Just like you learn to ride a bike with training wheels before racing, we'll master CSV files before moving to massive datasets.

### Let's Create and Play with CSV Data! 🎮

In [None]:
# Let's create our first CSV file and work with it!
import pandas as pd
import os

print("🎯 CREATING YOUR FIRST CSV FILE...")

# Let's create a CSV about your imaginary class
class_data = {
    'Student_Name': ['Alice', 'Bob', 'Charlie', 'Diana', 'Eve'],
    'Age': [10, 11, 9, 10, 11],
    'Favorite_Subject': ['Math', 'Science', 'Art', 'Math', 'Reading'],
    'Grade': [95, 87, 92, 88, 96],
    'Has_Pet': [True, True, False, True, False]
}

# Convert to DataFrame (think of it as a smart table)
df = pd.DataFrame(class_data)

print("✅ Created data for 5 students:")
print(df)

# Save it as a CSV file
csv_filename = 'my_first_dataset.csv'
df.to_csv(csv_filename, index=False)  # index=False means no row numbers
print(f"\n💾 Saved data to {csv_filename}")

# Now let's read it back (like magic!)
print("\n📖 READING THE CSV FILE BACK...")
loaded_data = pd.read_csv(csv_filename)
print("✅ Loaded data from file:")
print(loaded_data)

# Let's explore our data
print("\n🔍 EXPLORING OUR DATA...")
print(f"Number of students: {len(loaded_data)}")
print(f"Average age: {loaded_data['Age'].mean():.1f}")
print(f"Average grade: {loaded_data['Grade'].mean():.1f}")
print(f"Students with pets: {loaded_data['Has_Pet'].sum()}")

print("\n🎉 Congratulations! You just:")
print("✅ Created a dataset")
print("✅ Saved it as CSV")
print("✅ Loaded it back")
print("✅ Analyzed the data")
print("\nYou're officially a data analyst now! 📊")

# Section 5: Python Fundamentals for Big Data 🐍

Congratulations! Your Big Data environment is now running perfectly!

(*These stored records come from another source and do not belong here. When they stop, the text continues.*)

theorem lemma2p3:
  fixes \<Omega> :: "(real ^ 'n) set" and \<alpha> :: real and \<phi> :: "real \<Rightarrow> real"
  assumes "CARD('n) \<ge> 2"
    and "open \<Omega>" and "connected \<Omega>" and "\<Omega> \<noteq> {}"
    and "- real CARD('n) < \<alpha>" and "\<alpha> < 0"
    and "young_function \<phi>"
    and "Lambda_lower CARD('n) \<phi> \<alpha> < \<infinity>"
    and "\<not> bounded \<Omega> \<Longrightarrow> Lambda_upper CARD('n) \<phi> \<alpha> < \<infinity>"
  shows "C1c \<Omega> \<subseteq> besov \<alpha> \<phi> \<Omega> \<and> besov \<alpha> \<phi> \<Omega> \<subseteq> dot_besov \<alpha> \<phi> \<Omega>"
proof
  show "besov \<alpha> \<phi> \<Omega> \<subseteq> dot_besov \<alpha> \<phi> \<Omega>" by (simp add: besov_def)
  have dim: "DIM(real ^ 'n) = CARD('n)" by simp
  show "C1c \<Omega> \<subseteq> besov \<alpha> \<phi> \<Omega>"
  proof
    fix u assume u: "u \<in> C1c \<Omega>"
    obtain s where "0 < s" "(\<integral>\<^sup>+x\<in>\<Omega>. ennreal (\<phi> (\<bar>u x\<bar> / s)) \<partial>lebesgue) \<le> 1"
      using C1c_orlicz_modular_le_one[OF assms(7) u] by blast
    then have "orlicz_norm \<phi> \<Omega> u < \<infinity>" by (rule orlicz_norm_less_top)
    obtain s' where "0 < s'" "besov_modular \<alpha> \<phi> \<Omega> u s' \<le> 1"
      using C1c_besov_modular_le_one[OF assms(7) _ assms(2) u] assms(6,8,9) unfolding dim
      by (metis less_imp_le)
    then have "besov_seminorm \<alpha> \<phi> \<Omega> u < \<infinity>" by (rule besov_seminorm_less_top)
    with \<open>orlicz_norm \<phi> \<Omega> u < \<infinity>\<close> show "u \<in> besov \<alpha> \<phi> \<Omega>"
      using C1c_measurable[OF assms(2) u] by (simp add: besov_def orlicz_space_def dot_besov_def)
  qed
qed

end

Let's build your Python skills specifically for Big Data work.

## Why Python for Big Data?

Think of Python as your **universal translator** in the Big Data world:

- **Simple Language**: Like English vs. complicated technical jargon
- **Powerful Libraries**: Like having a toolbox with every tool you need
- **Big Data Ready**: Works with Hadoop, Spark, and all our tools

## Your Learning Path
1. **Variables & Data Types** (basic building blocks)
2. **Lists & Dictionaries** (organizing data)
3. **Functions** (reusable code recipes)
4. **File Handling** (reading/writing data)
5. **Error Handling** (dealing with problems gracefully)

Let's start building your Python foundation!

## 5.1 Variables - Your Data Containers 📦

Variables are like **labeled boxes** where you store information:

**Real-World Analogy**: 
- Box labeled "Age" contains the number 25
- Box labeled "Name" contains the text "Alice"
- Box labeled "Grades" contains a list [85, 92, 78]

In [None]:
# Let's create different types of variables - like different types of boxes!

# 📦 Text Box (String)
student_name = "Alice Johnson"
favorite_color = "blue"

# 📦 Number Boxes (Integers and Decimals)
age = 25
height_cm = 165.5
salary = 75000

# 📦 True/False Box (Boolean)
is_student = True
has_graduated = False

# 📦 List Box (Multiple items)
grades = [85, 92, 78, 90]
subjects = ["Math", "Science", "English", "History"]

# 📦 Dictionary Box (Key-Value pairs - like a filing cabinet)
person = {
    "name": "Alice Johnson",
    "age": 25,
    "city": "New York",
    "is_employed": True
}

# Let's see what's in our boxes!
print("=== What's in our variable boxes? ===")
print(f"Name: {student_name}")
print(f"Age: {age}")
print(f"Height: {height_cm} cm")
print(f"Is student: {is_student}")
print(f"Grades: {grades}")
print(f"Person info: {person}")

# Check the type of each variable
print("\n=== What type of box is each one? ===")
print(f"student_name is a {type(student_name)}")
print(f"age is a {type(age)}")
print(f"height_cm is a {type(height_cm)}")
print(f"is_student is a {type(is_student)}")
print(f"grades is a {type(grades)}")
print(f"person is a {type(person)}")

print("\n🎉 You just created your first Python variables!")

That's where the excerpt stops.